Maintaining Sponsorship Partnerships During COVID-19 and Beyond

August 3, 2020  |  By

This article was originally published on LEAD1 on August 3, 2020.

As the fall 2020 semester approaches, COVID-19 has caused many intercollegiate athletics conferences across all three NCAA divisions to modify competition schedules or postpone the return of sports through the end of the calendar year. Even with these changes, there are no assurances that play will resume in the next few months or even as we enter 2021. This reality has caused uncertainty in what potential revenue streams will be available to athletic departments. Institutions have experienced lower than anticipated NCAA and conference distributions, athletic events have been canceled or postponed impacting both gameday revenue and multi-media rights deals, and for the purpose of this article, sponsorship partners may be seeking to cancel, suspend, or reduce payments under existing agreements.

From a sponsor’s perspective, the cancellation of events can dramatically impact the organization’s overall marketing and brand-building strategies as well as targeted initiatives around the launch of a new product or service.
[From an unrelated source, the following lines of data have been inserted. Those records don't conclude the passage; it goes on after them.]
definition qmatvec :: "quat \<Rightarrow> quat \<Rightarrow> quat" where
  "qmatvec x u = (fst x * fst u + snd x * snd u, - cnj (snd x) * fst u + cnj (fst x) * snd u)"

lemma qcol_qmul: "qcol (qmul x y) = qmatvec x (qcol y)"
  unfolding qcol_def qmul_def qmatvec_def by (simp add: algebra_simps)

lemma norm_qcol [simp]: "norm (qcol x) = norm x"
  unfolding qcol_def by (cases x) (simp add: norm_Pair)

lemma qcol_sum: "qcol (\<Sum>i\<in>A. f i) = (\<Sum>i\<in>A. qcol (f i))"
  by (simp add: qcol_def prod_eq_iff fst_sum snd_sum cnj_sum sum_negf)

lemma norm_qmatvec: "norm (qmatvec x u) = norm x * norm u"
proof -
  have "(norm (qmatvec x u))\<^sup>2 = (norm x * norm u)\<^sup>2"
    unfolding norm_quat_power2 power_mult_distrib qmatvec_def cmod_power2
    by (simp add: power2_eq_square algebra_simps)
  then show ?thesis by (simp add: power2_eq_iff_nonneg)
qed

lemma qmatvec_add: "qmatvec x (u + v) = qmatvec x u + qmatvec x v"
  and qmatvec_cscale: "qmatvec x (cscale c u) = cscale c (qmatvec x u)"
  unfolding qmatvec_def cscale_eq by (simp_all add: algebra_simps)

definition dot :: "quat \<Rightarrow> quat \<Rightarrow> complex" where
  "dot u v = fst u * fst v + snd u * snd v"

lemma dot_qmul_left: "dot (qmul w x) u = dot w (qmatvec x u)"
  unfolding dot_def qmul_def qmatvec_def by (simp add: algebra_simps)

lemma dot_cscale_left: "dot (cscale c v) u = c * dot v u"
  and dot_cscale_right: "dot v (cscale c u) = c * dot v u"
  unfolding dot_def cscale_eq by (simp_all add: algebra_simps)

lemma norm_dot_le: "cmod (dot v u) \<le> norm v * norm u"
proof -
  have "cmod (dot v u) \<le> cmod (fst v) * cmod (fst u) + cmod (snd v) * cmod (snd u)"
    unfolding dot_def by (metis norm_mult norm_triangle_ineq)
  also have "\<dots> = inner (cmod (fst v), cmod (snd v)) (cmod (fst u), cmod (snd u))"
    by simp
  also have "\<dots> \<le> norm (cmod (fst v), cmod (snd v)) * norm (cmod (fst u), cmod (snd u))"
    by (rule norm_cauchy_schwarz)
  also have "\<dots> = norm v * norm u"
    by (cases u, cases v) (simp add: norm_Pair)
  finally show ?thesis .
qed

lemma dot_cnj_self: "dot (cnj (fst v), cnj (snd v)) v = of_real ((norm v)\<^sup>2)"
  unfolding dot_def norm_quat_power2 of_real_add complex_norm_square by (simp add: mult.commute)

lemma bounded_linear_dot_left: "bounded_linear (\<lambda>w. dot w u)"
  by (rule bounded_linear_intro[where K="norm u"])
     (auto simp: dot_def algebra_simps scaleR_conv_of_real norm_dot_le[unfolded dot_def])

lemma bounded_linear_dot_right: "bounded_linear (\<lambda>u. dot w u)"
  by (rule bounded_linear_intro[where K="norm w"])
     (auto simp: dot_def algebra_simps scaleR_conv_of_real norm_dot_le[unfolded dot_def])

section \<open>The discrete Parseval identity\<close>

lemma cis_root_of_unity_eq_1_imp_eq:
  fixes M j l :: nat
  assumes j: "j < M" and l: "l < M" and one: "cis (2 * pi * (real j - real l) / M) = 1"
  shows "j = l"
proof -
  obtain n :: int where "2 * pi * (real j - real l) / real M = of_int (2 * n) * pi"
    using one by (auto simp: cis_conv_exp exp_eq_1)
  then have "(2 * pi) * (real j - real l) = (2 * pi) * (of_int n * real M)"
    using j by (simp add: field_simps)
  then have "real_of_int (int j - int l) = real_of_int (n * int M)"
    by simp
  then have n: "int j - int l = n * int M"
    by (simp only: of_int_eq_iff)
  have "\<bar>int j - int l\<bar> < int M"
    using j l by auto
  then have "\<bar>n\<bar> * int M < 1 * int M"
    using n by (simp add: abs_mult)
  then have "\<bar>n\<bar> < 1"
    by (rule mult_right_less_imp_less) simp
  then show ?thesis
    using n by simp
qed

lemma sum_roots_of_unity_orthogonal:
  fixes M j l :: nat
  assumes M: "M > 0" and j: "j < M" and l: "l < M"
  defines "w \<equiv> cis (2 * pi / M)"
  shows "(\<Sum>k<M. (w ^ j * cnj (w ^ l)) ^ k) = (if j = l then of_nat M else 0)"
proof -
  define x where "x = w ^ j * cnj (w ^ l)"
  have "x = cis (real j * (2 * pi / M)) * cnj (cis (real l * (2 * pi / M)))"
    by (simp only: x_def w_def Complex.DeMoivre)
  also have "\<dots> = cis (real j * (2 * pi / M) + - (real l * (2 * pi / M)))"
    by (simp only: cis_cnj cis_mult)
  also have "\<dots> = cis (2 * pi * (real j - real l) / M)"
    by (rule arg_cong[where f=cis]) (use M in \<open>simp add: field_simps\<close>)
  finally have x: "x = cis (2 * pi * (real j - real l) / M)" .
  show ?thesis
  proof (cases "j = l")
    case True
    then have "x = 1"
      using x by simp
    then show ?thesis
      using True x_def by simp
  next
    case False
    have "w ^ M = 1"
      using M by (simp add: w_def Complex.DeMoivre)
    moreover have "x ^ M = (w ^ M) ^ j * cnj ((w ^ M) ^ l)"
      unfolding x_def by (simp add: power_mult_distrib power_mult[symmetric] mult.commute)
    ultimately have "x ^ M = 1"
      by simp
    moreover have "x \<noteq> 1"
      using cis_root_of_unity_eq_1_imp_eq[OF j l] False by (auto simp: x)
    ultimately show ?thesis
      using False unfolding x_def[symmetric] by (simp add: sum_gp_strict)
  qed
qed

lemma parseval_roots_of_unity:
  fixes c :: "nat \<Rightarrow> complex" and r :: real
  assumes M: "M > 0"
  defines "w \<equiv> cis (2 * pi / M)"
  shows "(\<Sum>k<M. (cmod (\<Sum>j<M. c j * (of_real r * w ^ k) ^ j))\<^sup>2)
         = real M * (\<Sum>j<M. (cmod (c j))\<^sup>2 * r ^ (2 * j))"
proof -
  define a where "a j l = c j * cnj (c l) * of_real (r ^ (j + l))" for j l
  have "complex_of_real (\<Sum>k<M. (cmod (\<Sum>j<M. c j * (of_real r * w ^ k) ^ j))\<^sup>2)
      = (\<Sum>k<M. \<Sum>j<M. \<Sum>l<M. a j l * (w ^ j * cnj (w ^ l)) ^ k)"
    unfolding of_real_sum complex_norm_square a_def
    by (simp add: sum_distrib_left sum_distrib_right cnj_sum power_mult_distrib
        power_add algebra_simps flip: power_mult)
       (rule sum.cong[OF refl], subst sum.swap, simp only: mult.left_commute)
  also have "\<dots> = (\<Sum>j<M. \<Sum>l<M. a j l * (\<Sum>k<M. (w ^ j * cnj (w ^ l)) ^ k))"
    by (subst sum.swap, rule sum.cong[OF refl], subst sum.swap) (simp add: sum_distrib_left)
  also have "\<dots> = (\<Sum>j<M. \<Sum>l<M. a j l * (if j = l then of_nat M else 0))"
    using sum_roots_of_unity_orthogonal[OF M] unfolding w_def by (intro sum.cong refl) simp
  also have "\<dots> = (\<Sum>j<M. complex_of_real (real M * ((cmod (c j))\<^sup>2 * r ^ (2 * j))))"
    by (simp add: if_distrib a_def mult_2 mult_ac cong: if_cong)
       (simp add: complex_norm_square mult_ac mult_2_right flip: of_real_power)
  also have "\<dots> = complex_of_real (real M * (\<Sum>j<M. (cmod (c j))\<^sup>2 * r ^ (2 * j)))"
    by (simp only: of_real_sum sum_distrib_left)
  finally show ?thesis
    using of_real_eq_iff by blast
qed

lemma parseval_roots_of_unity_quat:
  fixes V :: "nat \<Rightarrow> quat" and r :: real
  assumes M: "M > 0"
  defines "w \<equiv> cis (2 * pi / M)"
  shows "(\<Sum>k<M. (norm (\<Sum>j<M. cscale ((of_real r * w ^ k) ^ j) (V j)))\<^sup>2)
         = real M * (\<Sum>j<M. (norm (V j))\<^sup>2 * r ^ (2 * j))"
proof -
  have "(\<Sum>k<M. (norm (\<Sum>j<M. cscale ((of_real r * w ^ k) ^ j) (V j)))\<^sup>2)
     = (\<Sum>k<M. (cmod (\<Sum>j<M. fst (V j) * (of_real r * w ^ k) ^ j))\<^sup>2)
     + (\<Sum>k<M. (cmod (\<Sum>j<M. snd (V j) * (of_real r * w ^ k) ^ j))\<^sup>2)"
    by (simp add: norm_quat_power2 cscale_eq fst_sum snd_sum sum.distrib mult.commute)
  also have "\<dots> = real M * (\<Sum>j<M. (norm (V j))\<^sup>2 * r ^ (2 * j))"
    unfolding w_def parseval_roots_of_unity[OF M]
    by (simp add: norm_quat_power2 sum.distrib algebra_simps)
  finally show ?thesis .
qed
For example, if a sponsor’s asset mix includes a sponsored instant replay on the video board with a corresponding public address announcement at a football game, a fan activation site with a free giveaway at men’s and women’s basketball games, and fixed signage at various athletics facilities, these benefits and the value they represent may be lost.
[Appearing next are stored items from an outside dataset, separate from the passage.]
(* Let $\gamma>0$, let $\mathcal{S}\subset\mathbb{T}$ be a measurable set of positive Lebesgue measure, and let $B_1,B_2\subset\mathbb{N}$ be finite sets such that $\gamma$ is a lower Riesz bound in $L^2(\mathcal{S})$ for both $E(B_1)$ and $E(B_2)$. Then for every $0<\gamma'<\gamma$ there exists $M\in\mathbb{Z}$ such that $\gamma'$ is a lower Riesz bound in $L^2(\mathcal{S})$ for $E(B_1\cup(M+B_2))$.
   Context: $\mathbb{T}=\mathbb{R}/2\pi\mathbb{Z}$. For $B\subset\mathbb{Z}$, $E(B):=\{e^{i\lambda t}\}_{\lambda\in B}$, and $M+B:=\{M+b:b\in B\}$. A positive number $\gamma$ is a lower Riesz bound in $L^2(\mathcal{S})$ for $E(B)$ if $\int_{\mathcal{S}}\big|\sum_{\lambda\in B}c(\lambda)e^{i\lambda t}\big|^2\frac{dt}{2\pi}\ge\gamma\sum_{\lambda\in B}|c(\lambda)|^2$ for every finite sequence of scalars $\{c(\lambda)\}_{\lambda\in B}$. *)

theory Defs
  imports "HOL-Analysis.Analysis"
begin

text \<open>The circle T = R/2piZ is represented by the fundamental domain [0, 2pi);
  subsets of T are subsets of this interval, with Lebesgue measure.\<close>

definition lower_riesz_bound :: "real set \<Rightarrow> int set \<Rightarrow> real \<Rightarrow> bool" where
  "lower_riesz_bound S B \<gamma> \<longleftrightarrow> \<gamma> > 0 \<and>
     (\<forall>c :: int \<Rightarrow> complex.
        (LINT t:S|lebesgue. (cmod (\<Sum>l\<in>B. c l * exp (\<i> * of_int l * of_real t)))\<^sup>2) / (2 * pi)
          \<ge> \<gamma> * (\<Sum>l\<in>B. (cmod (c l))\<^sup>2))"

end

theory Submission
  imports Defs
begin

(* For a finite set B of frequencies, the quadratic form
     c |-> integral over S of |sum_l c(l) e^{ilt}|^2 = sum_{l,m in B} c(l) conj(c(m)) F(l - m),
   where F(k) is the integral of e^{ikt} over S, is bounded below by 2 pi gamma |c|^2 exactly when
   gamma is a lower Riesz bound. For the union of B1 and a translate M + B2 the form splits into
   the two diagonal blocks, bounded below by hypothesis, and an off-diagonal block whose entries
   involve F(l - m) with l in B1 and m in M + B2 only. By Bessel's inequality F(k) exceeds any
   epsilon > 0 for finitely many k only (Riemann-Lebesgue), so for M large every off-diagonal entry
   is at most epsilon, and by AM-GM the off-diagonal block costs at most
   epsilon (|B1| + |B2|) |c|^2, which is below 2 pi (gamma - gamma') |c|^2 for small epsilon. *)

definition fourier_exp :: "int \<Rightarrow> real \<Rightarrow> complex" where
  "fourier_exp k t = exp (\<i> * of_int k * of_real t)"

definition trig_poly :: "int set \<Rightarrow> (int \<Rightarrow> complex) \<Rightarrow> real \<Rightarrow> complex" where
  "trig_poly A c t = (\<Sum>l\<in>A. c l * fourier_exp l t)"

definition set_fourier :: "real set \<Rightarrow> int \<Rightarrow> complex" where
  "set_fourier S k = (LINT t:S|lebesgue. fourier_exp k t)"

definition gram_form ::
    "real set \<Rightarrow> int set \<Rightarrow> int set \<Rightarrow> (int \<Rightarrow> complex) \<Rightarrow> (int \<Rightarrow> complex) \<Rightarrow> complex" where
  "gram_form S A B c d = (\<Sum>l\<in>A. \<Sum>m\<in>B. c l * cnj (d m) * set_fourier S (l - m))"

lemma norm_fourier_exp [simp]: "norm (fourier_exp k t) = 1"
  by (simp add: fourier_exp_def norm_exp_i_times[of "of_int k * t", simplified] mult.assoc)

lemma fourier_exp_mult_cnj: "fourier_exp l t * cnj (fourier_exp m t) = fourier_exp (l - m) t"
  unfolding fourier_exp_def exp_cnj by (simp add: exp_add[symmetric] algebra_simps)

lemma fourier_exp_add: "fourier_exp (l + m) t = fourier_exp l t * fourier_exp m t"
  unfolding fourier_exp_def by (simp add: exp_add[symmetric] algebra_simps)

lemma continuous_on_fourier_exp [continuous_intros]: "continuous_on A (fourier_exp k)"
  unfolding fourier_exp_def by (intro continuous_intros)

lemma continuous_on_trig_poly [continuous_intros]: "continuous_on A (trig_poly B c)"
  unfolding trig_poly_def by (intro continuous_intros)
theorem corollary1:
  fixes V :: "'v set" and A :: "('v \<times> 'v) set" and X :: "'v set"
  assumes "phylo_net V A X" and "tree_based V A X"
  shows "card (SupTrees V A X) = card {E. supporting_set V A X E}"
proof -
  interpret tree_based_network V A X
    using assms by unfold_locales
  have "bij_betw (used_J_edges V A) (SupTrees V A X) {E. supporting_set V A X E}"
  proof (rule bij_betw_byWitness[where f' = "tree_of_J_edges V A"])
    show "\<forall>T \<in> SupTrees V A X. tree_of_J_edges V A (used_J_edges V A T) = T"
      using tree_of_used_J_edges unfolding SupTrees_def by blast
    show "\<forall>E \<in> {E. supporting_set V A X E}. used_J_edges V A (tree_of_J_edges V A E) = E"
      using used_J_edges_tree_of_J_edges J_edges_supporting_set by blast
    show "used_J_edges V A ` SupTrees V A X \<subseteq> {E. supporting_set V A X E}"
      using supporting_set_used_J_edges unfolding SupTrees_def by blast
    show "tree_of_J_edges V A ` {E. supporting_set V A X E} \<subseteq> SupTrees V A X"
      using support_tree_tree_of_J_edges unfolding SupTrees_def by blast
  qed
  then show ?thesis by (rule bij_betw_same_card)
qed

end
lemma kb_total:
  assumes tot: "\<And>a b. a \<in> L \<Longrightarrow> b \<in> L \<Longrightarrow> a = b \<or> lr a b \<or> lr b a"
  shows "set s \<subseteq> L \<Longrightarrow> set t \<subseteq> L \<Longrightarrow> s \<noteq> t \<Longrightarrow> kb lr s t \<or> kb lr t s"
proof (induction s arbitrary: t)
  case Nil then show ?case by (cases t) auto
next
  case (Cons a s)
  show ?case
  proof (cases t)
    case Nil then show ?thesis by simp
  next
    case (Cons b t')
    then show ?thesis using Cons.prems Cons.IH[of t'] tot[of a b] by auto
  qed
qed

lemma kb_extend: "u \<noteq> [] \<Longrightarrow> kb lr (t @ u) t"
  by (induction t) auto

lemma kb_cancel: "(\<And>a. \<not> lr a a) \<Longrightarrow> kb lr (p @ s) (p @ t) \<longleftrightarrow> kb lr s t"
  by (induction p) auto

lemma wf_descent_eventually_const:
  fixes x :: "nat \<Rightarrow> 'b"
  assumes wf: "wf {(a, b). lr a b}" and tr: "\<And>a b c. lr a b \<Longrightarrow> lr b c \<Longrightarrow> lr a c"
    and dec: "\<forall>n\<ge>N. x (Suc n) = x n \<or> lr (x (Suc n)) (x n)"
  shows "\<exists>M\<ge>N. \<forall>n\<ge>M. x n = x M"
proof -
  obtain z where z: "z \<in> {x n | n. n \<ge> N}" "\<And>y. (y, z) \<in> {(a, b). lr a b} \<Longrightarrow> y \<notin> {x n | n. n \<ge> N}"
    using wfE_min[OF wf, of "x N" "{x n | n. n \<ge> N}"] by blast
  then obtain n0 where n0: "n0 \<ge> N" "z = x n0" by auto
  have le: "x n = x n0 \<or> lr (x n) (x n0)" if "n \<ge> n0" for n
    using that
  proof (induction n rule: dec_induct)
    case base then show ?case by simp
  next
    case (step m)
    have "m \<ge> N" using step.hyps(1) n0(1) by simp
    hence "x (Suc m) = x m \<or> lr (x (Suc m)) (x m)" using dec by simp
    then show ?case
    proof
      assume "x (Suc m) = x m" then show ?case using step.IH by simp
    next
      assume h: "lr (x (Suc m)) (x m)"
      show ?case using step.IH
      proof
        assume "x m = x n0" then show ?case using h by simp
      next
        assume "lr (x m) (x n0)" then show ?case using h tr[of "x (Suc m)" "x m" "x n0"] by simp
      qed
    qed
  qed
  have "\<forall>n\<ge>n0. x n = x n0"
  proof (intro allI impI)
    fix n assume "n \<ge> n0"
    moreover have "x n \<in> {x n | n. n \<ge> N}" using \<open>n \<ge> n0\<close> n0(1) by auto
    ultimately show "x n = x n0" using le[of n] z(2) n0(2) by auto
  qed
  thus ?thesis using n0(1) by blast
qed

definition prefix_closed :: "'b list set \<Rightarrow> bool" where
  "prefix_closed T \<longleftrightarrow> (\<forall>s u. s @ u \<in> T \<longrightarrow> s \<in> T)"

definition has_branch :: "'b list set \<Rightarrow> bool" where
  "has_branch T \<longleftrightarrow> (\<exists>f. \<forall>k. f k \<in> T \<and> (\<exists>a. f (Suc k) = f k @ [a]))"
While most sponsorship deals outline the ramifications of event cancellation or postponement, they may fail to cover cancelation of an entire season, extended duration postponements, or events held with limited spectator capacity. As a result, colleges and universities should make ensure they have a solid understanding of how COVID-19 may impact each sponsorship agreement and potential concerns each sponsor may have.

Get Your House in Order

To address potential sponsorship issues, the first order of business is compiling all of your institution’s active sponsorship agreements. Once this task is completed, you should utilize university counsel or outside legal counsel to review each agreement to identify key terms and create a spreadsheet summarizing the applicable language of each term.

At a minimum, the spreadsheet should include the following:

  • Force majeure or canceled/altered event clauses and make-good rights;
  • Fee and payment breakdown for the term of the agreement as well as any potential payment escalators (i.e., post-season appearances, etc.);
  • The agreement’s asset mix (i.e., what benefits are being conferred to sponsor and what is the manner they are provided – gameday, digital media, exclusivity, etc.);
  • Expiration date of the agreement and any other termination, opt-out, or non-performance provisions.
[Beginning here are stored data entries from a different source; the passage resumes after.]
(* Let $1<p\le2$ and let $\phi$ be an Orlicz function with $\alpha_\phi>0$. If the Orlicz space $L_\phi$ has type $p$, then $\phi$ satisfies condition $\Delta_2$.
   Context: $(\Omega,\Sigma,\mu)$ is one of: (A) a non-atomic measure space with $\mu(\Omega)=\infty$; (B) a non-atomic measure space with $\mu(\Omega)<\infty$; (C) $\mathbb{N}$ with counting measure. Growth conditions and indices are taken for all arguments in case (A), for large arguments in case (B), and for small arguments in case (C). An Orlicz function is $\phi:[0,\infty)\to[0,\infty)$ with $\phi(0)=0$, strictly increasing, continuous, $\lim_{u\to\infty}\phi(u)=\infty$. $\phi\in\Delta_2$ means there exist $K>0$ (and $v\ge0$ in case (B), $v>0$ in case (C)) with $\phi(2u)\le K\phi(u)$ for all $u\ge0$ (A), $u\ge v$ (B), $u\le v$ (C). $\alpha_\phi=\sup\{r:\exists c>0$ (and $v$) with $\phi(au)\ge ca^r\phi(u)$ for all $a\ge1$ and $u\ge0$ (A), $u\ge v$ (B), $0<u\le au\le v$ (C)$\}$. $L_\phi$ is the set of measurable $f$ with $\int\phi(\lambda|f|)\,d\mu<\infty$ for some $\lambda>0$, quasi-normed by $\|f\|=\inf\{\varepsilon>0:\int\phi(|f|/\varepsilon)\,d\mu\le1\}$. With Rademacher functions $r_k(t)=\operatorname{sign}(\sin2^k\pi t)$, a quasi-Banach space $X$ has type $p$ if there is $K>0$ with $\int_0^1\|\sum_{k=1}^n r_k(t)x_k\|\,dt\le K(\sum_{k=1}^n\|x_k\|^p)^{1/p}$ for all $x_1,\dots,x_n\in X$. *)

theory Defs
  imports "HOL-Analysis.Analysis"
begin

datatype msetting = CaseA | CaseB | CaseC

definition is_atom :: "'a measure \<Rightarrow> 'a set \<Rightarrow> bool" where
  "is_atom M A \<longleftrightarrow> A \<in> sets M \<and> 0 < emeasure M A \<and>
     (\<forall>B\<in>sets M. B \<subseteq> A \<longrightarrow> emeasure M B = 0 \<or> emeasure M (A - B) = 0)"

definition nonatomic :: "'a measure \<Rightarrow> bool" where
  "nonatomic M \<longleftrightarrow> (\<nexists>A. is_atom M A)"

definition measure_setting :: "msetting \<Rightarrow> 'a measure \<Rightarrow> bool" where
  "measure_setting s M = (case s of
      CaseA \<Rightarrow> nonatomic M \<and> sigma_finite_measure M \<and> emeasure M (space M) = \<infinity>
    | CaseB \<Rightarrow> nonatomic M \<and> 0 < emeasure M (space M) \<and> emeasure M (space M) < \<infinity>
    | CaseC \<Rightarrow> M = count_space (space M) \<and> infinite (space M) \<and> countable (space M))"

definition orlicz_function :: "(real \<Rightarrow> real) \<Rightarrow> bool" where
  "orlicz_function \<phi> \<longleftrightarrow> \<phi> 0 = 0 \<and> (\<forall>u\<ge>0. 0 \<le> \<phi> u) \<and> strict_mono_on {0..} \<phi> \<and>
     continuous_on {0..} \<phi> \<and> filterlim \<phi> at_top at_top"

definition delta2 :: "msetting \<Rightarrow> (real \<Rightarrow> real) \<Rightarrow> bool" where
  "delta2 s \<phi> = (case s of
      CaseA \<Rightarrow> (\<exists>K>0. \<forall>u\<ge>0. \<phi> (2*u) \<le> K * \<phi> u)
    | CaseB \<Rightarrow> (\<exists>K>0. \<exists>v\<ge>0. \<forall>u\<ge>v. \<phi> (2*u) \<le> K * \<phi> u)
    | CaseC \<Rightarrow> (\<exists>K>0. \<exists>v>0. \<forall>u. 0 \<le> u \<and> u \<le> v \<longrightarrow> \<phi> (2*u) \<le> K * \<phi> u))"

definition alpha_set :: "msetting \<Rightarrow> (real \<Rightarrow> real) \<Rightarrow> real set" where
  "alpha_set s \<phi> = {r. \<exists>c>0. (case s of
      CaseA \<Rightarrow> (\<forall>a\<ge>1. \<forall>u\<ge>0. \<phi> (a*u) \<ge> c * a powr r * \<phi> u)
    | CaseB \<Rightarrow> (\<exists>v\<ge>0. \<forall>a\<ge>1. \<forall>u\<ge>v. \<phi> (a*u) \<ge> c * a powr r * \<phi> u)
    | CaseC \<Rightarrow> (\<exists>v>0. \<forall>a\<ge>1. \<forall>u. 0 < u \<and> a*u \<le> v \<longrightarrow> \<phi> (a*u) \<ge> c * a powr r * \<phi> u))}"

definition alpha_idx :: "msetting \<Rightarrow> (real \<Rightarrow> real) \<Rightarrow> ereal" where
  "alpha_idx s \<phi> = Sup (ereal ` alpha_set s \<phi>)"

definition orlicz_space :: "'a measure \<Rightarrow> (real \<Rightarrow> real) \<Rightarrow> ('a \<Rightarrow> real) set" where
  "orlicz_space M \<phi> = {f \<in> borel_measurable M.
      \<exists>c>0. (\<integral>\<^sup>+ x. ennreal (\<phi> (c * \<bar>f x\<bar>)) \<partial>M) < \<infinity>}"

definition orlicz_norm :: "'a measure \<Rightarrow> (real \<Rightarrow> real) \<Rightarrow> ('a \<Rightarrow> real) \<Rightarrow> real" where
  "orlicz_norm M \<phi> f = Inf {\<epsilon>. \<epsilon> > 0 \<and> (\<integral>\<^sup>+ x. ennreal (\<phi> (\<bar>f x\<bar> / \<epsilon>)) \<partial>M) \<le> 1}"

definition rademacher :: "nat \<Rightarrow> real \<Rightarrow> real" where
  "rademacher k t = sgn (sin (2 ^ k * pi * t))"

definition orlicz_has_type :: "'a measure \<Rightarrow> (real \<Rightarrow> real) \<Rightarrow> real \<Rightarrow> bool" where
  "orlicz_has_type M \<phi> p \<longleftrightarrow> (\<exists>K>0. \<forall>n::nat. \<forall>x::nat \<Rightarrow> 'a \<Rightarrow> real.
      (\<forall>k\<in>{1..n}. x k \<in> orlicz_space M \<phi>) \<longrightarrow>
      (\<integral>\<^sup>+ t\<in>{0..1}. ennreal (orlicz_norm M \<phi> (\<lambda>\<omega>. \<Sum>k=1..n. rademacher k t * x k \<omega>)) \<partial>lborel)
        \<le> ennreal (K * (\<Sum>k=1..n. orlicz_norm M \<phi> (x k) powr p) powr (1/p)))"

end

theory Submission
  imports Defs
begin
Proactive Engagement with Your Partners

Once the spreadsheet is completed, your institution will have a snapshot of each party’s rights as it pertains to partial or non-performance. However, even with that in mind, institutions should be mindful of the long-term benefits of a mutually successful business partnership. Therefore, institutions should consider engaging sponsors to maintain the partnership beyond the current term, appropriately share risk, and create certainty in light of the uncertainty COVID-19 has created. In working with sponsorship partners, institutions should consider building more flexible arrangements to allow variations relating to term extension, payment obligations, and substitutions as it relates to the sponsor’s asset mix. This allows a process to be in place on how potential rights changes will be renegotiated based on various factors. And, if that fails, how refunds or payment obligations will be determined and valued.


In the event that one or more regular season University home football, men’s basketball, and women’s basketball games are not played or played without fans for any reason (including, without limitation, an NCAA or Atlantic Coast Conference order, directive, or policy, or a decision by the University at its sole discretion) and such games are not rescheduled, then University and Sponsor shall first consult in good faith to identify substitute sponsorship elements (“Substitute Benefits”) having promotional value not materially less than that of the unavailable Sponsorship Benefits (such value to be determined by good faith negotiation and agreement by the Parties).  In the event that, after good faith negotiations, the parties cannot agree to Substitute Benefits or adequate Substitute Benefits are not available to fully replace the unavailable Sponsorship Benefits, the Sponsorship Fee hereunder shall be refunded or reduced, as applicable, by the value of the unavailable Sponsorship Benefits not provided to Sponsor (such value to be determined by good faith negotiations and agreement by the Parties). In the event that one or more regular season University home football, men’s basketball, and women’s basketball games are played at a limited fan capacity in order to comply with applicable local, state, and federal government regulations and guidance relating to social distancing, NCAA order, directive, or policy, Atlantic Coast Conference order directive, or policy, or as a result of other efforts to protect public health, then, unless University and Sponsor otherwise agree in writing, the parties will work together in good faith to equitably adjust the Sponsorship Benefits provided to Sponsor.

This article and the sample language provided is for informational purposes only and does not constitute legal advice. The information is not provided in the course of an attorney-client relationship and is not intended to substitute for legal advice from an attorney licensed in your jurisdiction. Anyone using this article should seek the advice of legal counsel to develop a contract that meets their college or university’s specific needs.